Pinterest for Teachers - Points to Consider

What is Pinterest? Pinterest is a site where you can “pin” images you find on the internet. Think of it as one giant, virtual corkboard. The images you pin link directly to site where the image is located (or should), so you can learn more about it.

I wandered around the fringes of Pinterest for a few months during the fall semester, but didn't request an invitation. Finally, a post by Loreen Leedy entitled Pinterest for nonfiction (and everything else)!, convinced me to take the plunge. I set up a site, played around a bit, and suddenly realized how very useful these boards could be in my teaching. Here is a screenshot of a few of my boards.
My Pinterest boards for math are in many ways more powerful than my web site for math, precisely because they are visual. Now instead of merely linking to a site with ideas for teaching about fractions, I can link to specific posts that SHOW these ideas in action.

Searching for and finding images for my boards has brought home two very important points. First, there are many very creative and talented teachers out their working very hard to give their students exactly what they need and then some. Second, despite all the negative things I see and hear about teachers and the state of public education, there are really good things happening on the ground and in the trenches where it matters most.

Suffice it to say that I've been enjoying my time finding resources for instruction and pinning them to my boards. So, I was a bit surprised and more than a little concerned when I started to read articles about Pinterest and copyright concerns. Here are a few.

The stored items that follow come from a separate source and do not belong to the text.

(* Let $x\in\mathbb{R}$ and let $f:\mathbb{R}\to\mathbb{R}$ be analytic and nonzero on the closed interval between $0$ and $x$, with $f(0)=1$, and suppose $f(y)=\exp\big(\sum_{i=1}^{\infty}c_i y^i\big)$ for all $y$ in that interval, the series converging there; put $f_k(y)=\exp(c_k y^k)$. For $r>1$ and a finite nonempty $\mathcal{S}\subset\mathbb{N}^*$ define, for $n\ge|\mathcal{S}|$, \[ x_n(\mathcal{S},r,x)=\Big[\prod_{j\in\mathcal{S}}(r^j-1)^{1/j}\Big]\frac{x}{r^n},\qquad \mathcal{P}_f(\mathcal{S},r,x)=\prod_{n=|\mathcal{S}|}^{\infty}\Big[f\big(x_n(\mathcal{S},r,x)\big)\Big]^{\binom{n-1}{|\mathcal{S}|-1}}. \] Then for every positive integer $k$, \[ f_k(x)=\lim_{r\downarrow1}\ \frac{\prod_{\mathcal{S}_k:\ |\mathcal{S}_k|\text{ odd}}\mathcal{P}_f(\mathcal{S}_k,r,x)}{\prod_{\mathcal{S}_k:\ |\mathcal{S}_k|\text{ even}}\mathcal{P}_f(\mathcal{S}_k,r,x)}, \] where $\mathcal{S}_k$ ranges over the subsets of $\mathbb{N}^*$ whose largest element is $k$.
   Context: $\mathbb{N}^*$ is the set of positive integers and $|\mathcal{S}|$ is the cardinality of $\mathcal{S}$. The $c_i$ are the Taylor coefficients at $0$ of $\log f$ and $f_k$ is called the $k$-th component of $f$. *)

theory Defs
  imports "HOL-Analysis.Analysis"
begin

definition real_analytic_on :: "(real \<Rightarrow> real) \<Rightarrow> real set \<Rightarrow> bool" where
  "real_analytic_on f A \<longleftrightarrow>
     (\<forall>a\<in>A. \<exists>e>0. \<exists>b::nat \<Rightarrow> real. \<forall>y. \<bar>y - a\<bar> < e \<longrightarrow> (\<lambda>n. b n * (y - a) ^ n) sums f y)"

definition component :: "(nat \<Rightarrow> real) \<Rightarrow> nat \<Rightarrow> real \<Rightarrow> real" where
  "component c k y = exp (c k * y ^ k)"

definition xn :: "nat set \<Rightarrow> real \<Rightarrow> real \<Rightarrow> nat \<Rightarrow> real" where
  "xn S r x n = (\<Prod>j\<in>S. (r ^ j - 1) powr (1 / real j)) * x / r ^ n"

definition Pf :: "(real \<Rightarrow> real) \<Rightarrow> nat set \<Rightarrow> real \<Rightarrow> real \<Rightarrow> real" where
  "Pf f S r x = (\<Prod>m. f (xn S r x (m + card S)) ^ ((m + card S - 1) choose (card S - 1)))"

definition subsets_max :: "nat \<Rightarrow> nat set set" where
  "subsets_max k = {S. S \<subseteq> {1..k} \<and> k \<in> S}"

end

theory Submission
  imports Defs
begin

(*
  Write A(S,r) = prod_{j in S} (r^j - 1)^(1/j), so that x_n = A x / r^n, and
  log f(x rho) = sum_i d_i rho^(i+1) with d_i = c_(i+1) x^(i+1).  Expanding every log f(x_n),
  interchanging the (absolutely convergent) double sum and using the negative binomial series
  sum_m C(m+s-1, s-1) t^(m+s) = (t/(1-t))^s gives
    log P_f(S,r,x) = sum_i d_i A^(i+1) / (r^(i+1) - 1)^|S| = sum_i d_i prod_{j in S} w_j(i+1),
  where w_j(n) = (r^j - 1)^(n/j) / (r^n - 1).  The alternating sum over the sets with largest
  element k is then sum_i d_i w_k(i+1) prod_{j<k} (1 - w_j(i+1)).  Since w_n(n) = 1, the terms
  with i+1 < k vanish; the term i+1 = k tends to d_(k-1) = c_k x^k because w_j(k) -> 0 for
  j < k as r -> 1+; and the terms with i+1 > k are bounded by ((r^k - 1)^(1/k))^(i+1-k), so
  their sum tends to 0.
*)

lemma sums_negative_binomial:
  fixes t :: real and s :: nat
  assumes t: "0 \<le> t" "t < 1" and s: "s \<ge> 1"
  shows "(\<lambda>m. real ((m + s - 1) choose (s - 1)) * t ^ (m + s)) sums ((t / (1 - t)) ^ s)"
proof -
  have coeff: "((- real s) gchoose m) * (-t) ^ m = real ((m + s - 1) choose (s - 1)) * t ^ m" for m
  proof -
    have "(- real s) gchoose m = (-1) ^ m * ((real m + real s - 1) gchoose m)"
      by (subst gbinomial_negated_upper) simp
    also have "real m + real s - 1 = real (m + s - 1)"
      using s by simp
    also have "real (m + s - 1) gchoose m = real ((m + s - 1) choose m)"
      by (simp only: binomial_gbinomial)
    also have "(m + s - 1) choose m = (m + s - 1) choose (s - 1)"
      using s by (subst binomial_symmetric) auto
    finally show ?thesis
      by (simp add: power_minus')
  qed
  have "(\<lambda>m. ((- real s) gchoose m) * (-t) ^ m) sums (1 + - t) powr (- real s)"
    using t by (intro gen_binomial_real) simp
  moreover have "(1 + - t) powr (- real s) = 1 / (1 - t) ^ s"
    using t by (simp add: powr_minus powr_realpow divide_inverse)
  ultimately have "(\<lambda>m. real ((m + s - 1) choose (s - 1)) * t ^ m) sums (1 / (1 - t) ^ s)"
    by (simp add: coeff)
  from sums_mult2[OF this, of "t ^ s"] show ?thesis
    by (simp add: power_add mult_ac power_divide)
qed

lemma sums_swap_dominated:
  fixes a b :: "nat \<Rightarrow> nat \<Rightarrow> real"
  assumes dom: "\<And>m i. \<bar>a m i\<bar> \<le> b m i"
    and b: "\<And>m. b m sums B m" and B: "summable B"
    and rows: "\<And>m. a m sums R m" and cols: "\<And>i. (\<lambda>m. a m i) sums C i"
  shows "summable C" and "R sums (\<Sum>i. C i)"
proof -
  have has_sum: "(g has_sum s) UNIV" if "g summable_on UNIV" "g sums s" for g :: "nat \<Rightarrow> real" and s
    using that by (metis has_sum_imp_sums has_sum_infsum sums_unique2)
  have b0: "0 \<le> b m i" for m i
    using dom[of m i] by linarith
  have "(\<lambda>(m, i). b m i) summable_on UNIV \<times> UNIV"
  proof (rule summable_on_SigmaI)
    show "((\<lambda>i. (\<lambda>(m, i). b m i) (m, i)) has_sum B m) UNIV" for m
      using sums_nonneg_imp_has_sum[OF b b0] by simp
    have "0 \<le> B m" for m
      using sums_le[OF _ sums_zero b[of m]] b0 by simp
    then show "B summable_on UNIV"
      using B by (intro summable_nonneg_imp_summable_on)
  qed (simp add: b0)
  then have "(\<lambda>p. norm (case_prod a p)) summable_on UNIV \<times> UNIV"
    by (rule Infinite_Sum.abs_summable_on_comparison_test'[where f = "case_prod a"]) (use dom in auto)
  then have summ: "(\<lambda>(m, i). a m i) summable_on UNIV \<times> UNIV"
    by (rule abs_summable_summable)
  then obtain S where S: "((\<lambda>(m, i). a m i) has_sum S) (UNIV \<times> UNIV)"
    by (auto simp: summable_on_def)
  have "(R has_sum S) UNIV"
  proof (rule has_sum_Sigma'[OF S])
    show "((\<lambda>i. (\<lambda>(m, i). a m i) (m, i)) has_sum R m) UNIV" for m
      using summable_on_SigmaD1[OF summ] rows by (simp add: has_sum)
  qed
  moreover have "(C has_sum S) UNIV"
  proof -
    have S': "((\<lambda>(i, m). a m i) has_sum S) (UNIV \<times> UNIV)"
      using has_sum_swap[THEN iffD1, OF S] by simp
    then have summ': "(\<lambda>(i, m). a m i) summable_on UNIV \<times> UNIV"
      unfolding summable_on_def by blast
    show ?thesis
    proof (rule has_sum_Sigma'[OF S'])
      show "((\<lambda>m. (\<lambda>(i, m). a m i) (i, m)) has_sum C i) UNIV" for i
        using summable_on_SigmaD1[OF summ'] cols by (simp add: has_sum)
    qed
  qed
  ultimately show "summable C" "R sums (\<Sum>i. C i)"
    by (metis has_sum_imp_sums sums_summable sums_unique)+
qed

lemma sums_negative_binomial_power:
  fixes t A :: real
  assumes t: "0 \<le> t" "t < 1" and s: "s \<ge> 1" and n: "n \<ge> 1"
  shows "(\<lambda>m. real ((m + s - 1) choose (s - 1)) * (A * t ^ (m + s)) ^ n) sums (A ^ n * (t ^ n / (1 - t ^ n)) ^ s)"
proof -
  have "0 \<le> t ^ n" "t ^ n < 1"
    using t n power_strict_mono[of t 1 n] by simp_all
  from sums_mult[OF sums_negative_binomial[OF this s], of "A ^ n"]
  have "(\<lambda>m. A ^ n * (real ((m + s - 1) choose (s - 1)) * (t ^ n) ^ (m + s))) sums (A ^ n * (t ^ n / (1 - t ^ n)) ^ s)" .
  moreover have "A ^ n * (real ((m + s - 1) choose (s - 1)) * (t ^ n) ^ (m + s))
      = real ((m + s - 1) choose (s - 1)) * (A * t ^ (m + s)) ^ n" for m
    by (simp add: power_mult_distrib flip: power_mult) (simp add: mult.commute mult.left_commute)
  ultimately show ?thesis
    by (simp only:)
qed

lemma summable_negative_binomial_geometric:
  fixes t A :: real
  assumes t: "0 \<le> t" "t < 1" and A: "0 \<le> A" "A * t ^ s < 1" and s: "s \<ge> 1"
  shows "summable (\<lambda>m. real ((m + s - 1) choose (s - 1)) * (A * t ^ (m + s) / (1 - A * t ^ (m + s))))"
proof (rule summable_comparison_test')
  define bin where "bin m = real ((m + s - 1) choose (s - 1))" for m
  show "summable (\<lambda>m. A / (1 - A * t ^ s) * (bin m * t ^ (m + s)))"
    using sums_negative_binomial[OF t s] by (intro summable_mult sums_summable) (simp add: bin_def)
  fix m
  have \<rho>: "0 \<le> A * t ^ (m + s)" "A * t ^ (m + s) \<le> A * t ^ s"
    using A t by (auto intro!: mult_left_mono power_decreasing)
  then have "norm (bin m * (A * t ^ (m + s) / (1 - A * t ^ (m + s)))) = bin m * (A * t ^ (m + s) / (1 - A * t ^ (m + s)))"
    using A by (simp add: bin_def)
  also have "\<dots> \<le> bin m * (A * t ^ (m + s) / (1 - A * t ^ s))"
    using \<rho> A by (intro mult_left_mono divide_left_mono) (auto simp: bin_def)
  also have "\<dots> = A / (1 - A * t ^ s) * (bin m * t ^ (m + s))"
    by simp
  finally show "norm (bin m * (A * t ^ (m + s) / (1 - A * t ^ (m + s)))) \<le> A / (1 - A * t ^ s) * (bin m * t ^ (m + s))" .
qed

lemma sums_negative_binomial_power_series:
  fixes d :: "nat \<Rightarrow> real"
  assumes d: "\<And>i. \<bar>d i\<bar> \<le> M" and t: "0 \<le> t" "t < 1"
    and A: "0 \<le> A" "A * t ^ s < 1" and s: "s \<ge> 1"
  shows "summable (\<lambda>i. d i * A ^ Suc i * (t ^ Suc i / (1 - t ^ Suc i)) ^ s)"
    and "(\<lambda>m. real ((m + s - 1) choose (s - 1)) * (\<Sum>i. d i * (A * t ^ (m + s)) ^ Suc i))
           sums (\<Sum>i. d i * A ^ Suc i * (t ^ Suc i / (1 - t ^ Suc i)) ^ s)"
proof -
  define bin where "bin m = real ((m + s - 1) choose (s - 1))" for m
  define \<rho> where "\<rho> m = A * t ^ (m + s)" for m
  have \<rho>: "0 \<le> \<rho> m" "\<rho> m < 1" for m
    using A t mult_left_mono[OF power_decreasing[of s "m + s" t], of A] by (auto simp: \<rho>_def)
  have geometric: "(\<lambda>i. \<rho> m ^ Suc i) sums (\<rho> m / (1 - \<rho> m))" for m
    using sums_mult[OF geometric_sums[of "\<rho> m"], of "\<rho> m"] \<rho>[of m] by simp
  have dom: "\<bar>bin m * (d i * \<rho> m ^ Suc i)\<bar> \<le> bin m * (M * \<rho> m ^ Suc i)" for m i
    using d[of i] \<rho>(1)[of m] by (simp add: bin_def abs_mult mult_left_mono mult_right_mono)
  have dominant: "(\<lambda>i. bin m * (M * \<rho> m ^ Suc i)) sums (bin m * (M * (\<rho> m / (1 - \<rho> m))))" for m
    using geometric by (intro sums_mult)
  have "summable (\<lambda>m. M * (bin m * (\<rho> m / (1 - \<rho> m))))"
    using summable_negative_binomial_geometric[OF t A s] by (intro summable_mult) (simp add: bin_def \<rho>_def)
  then have dominant_summable: "summable (\<lambda>m. bin m * (M * (\<rho> m / (1 - \<rho> m))))"
    by (simp add: mult.left_commute)
  have rows: "(\<lambda>i. bin m * (d i * \<rho> m ^ Suc i)) sums (bin m * (\<Sum>i. d i * \<rho> m ^ Suc i))" for m
  proof -
    have "summable (\<lambda>i. d i * \<rho> m ^ Suc i)"
    proof (rule summable_comparison_test')
      show "summable (\<lambda>i. M * \<rho> m ^ Suc i)"
        using geometric by (intro summable_mult sums_summable)
      show "norm (d i * \<rho> m ^ Suc i) \<le> M * \<rho> m ^ Suc i" for i
        using d[of i] \<rho>(1)[of m] by (simp add: abs_mult mult_right_mono)
    qed
    then show ?thesis
      by (intro sums_mult summable_sums)
  qed
  have cols: "(\<lambda>m. bin m * (d i * \<rho> m ^ Suc i)) sums (d i * (A ^ Suc i * (t ^ Suc i / (1 - t ^ Suc i)) ^ s))" for i
    using sums_mult[OF sums_negative_binomial_power[OF t s, of "Suc i" A], of "d i"]
    by (simp only: bin_def \<rho>_def mult.left_commute)
  from sums_swap_dominated[where a = "\<lambda>m i. bin m * (d i * \<rho> m ^ Suc i)",
      OF dom dominant dominant_summable rows cols]
  show "summable (\<lambda>i. d i * A ^ Suc i * (t ^ Suc i / (1 - t ^ Suc i)) ^ s)"
    and "(\<lambda>m. real ((m + s - 1) choose (s - 1)) * (\<Sum>i. d i * (A * t ^ (m + s)) ^ Suc i))
           sums (\<Sum>i. d i * A ^ Suc i * (t ^ Suc i / (1 - t ^ Suc i)) ^ s)"
    unfolding bin_def \<rho>_def mult.assoc by blast+
qed

definition xn_factor :: "nat set \<Rightarrow> real \<Rightarrow> real" where
  "xn_factor S r = (\<Prod>j\<in>S. (r ^ j - 1) powr (1 / real j))"

definition weight :: "real \<Rightarrow> nat \<Rightarrow> nat \<Rightarrow> real" where
  "weight r n j = (r ^ j - 1) powr (real n / real j) / (r ^ n - 1)"

lemma xn_eq_xn_factor: "xn S r x n = xn_factor S r * x / r ^ n"
  by (simp add: xn_def xn_factor_def)

lemma xn_factor_pos:
  assumes "r > 1" and "\<And>j. j \<in> S \<Longrightarrow> j \<ge> 1"
  shows "0 < xn_factor S r"
  unfolding xn_factor_def
proof (intro prod_pos)
  fix j assume "j \<in> S"
  then have "1 < r ^ j"
    using assms by (intro one_less_power) force+
  then show "0 < (r ^ j - 1) powr (1 / real j)"
    by simp
qed

lemma xn_factor_less:
  assumes r: "r > 1" and S: "finite S" "S \<noteq> {}" "\<And>j. j \<in> S \<Longrightarrow> j \<ge> 1"
  shows "xn_factor S r < r ^ card S"
proof -
  have less: "(r ^ j - 1) powr (1 / real j) < r" if "j \<in> S" for j
  proof -
    have "(r ^ j - 1) powr (1 / real j) < (r ^ j) powr (1 / real j)"
      using S(3)[OF that] r by (intro powr_less_mono2) (auto simp: one_less_power)
    also have "\<dots> = r"
      using S(3)[OF that] r by (simp add: powr_realpow[symmetric] powr_powr)
    finally show ?thesis .
  qed
  obtain j where "j \<in> S"
    using S(2) by blast
  with S r less show ?thesis
    unfolding xn_factor_def
    by (intro prod_mono_strict[of j S _ "\<lambda>_. r", simplified])
       (auto simp: one_less_power less_imp_le)
qed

This reading and a bit more searching led me to Laura Candler's post entitled Do You Have Permission to Pin?. In this post she outlines the copyright concerns and encourages bloggers and others to join a "Permission to Pin" movement. Basically, displaying the "Permission to Pin" image on your site will serve as notice to visitors that you grant permission to pin your work. 

Since I'm about to embark on a new series called Monday Math Freebies (check back tomorrow!) which will include images of resources I am creating, I want folks to know without a doubt that they can pin my work. If you are making images of your work available for others, I hope you'll think about joining.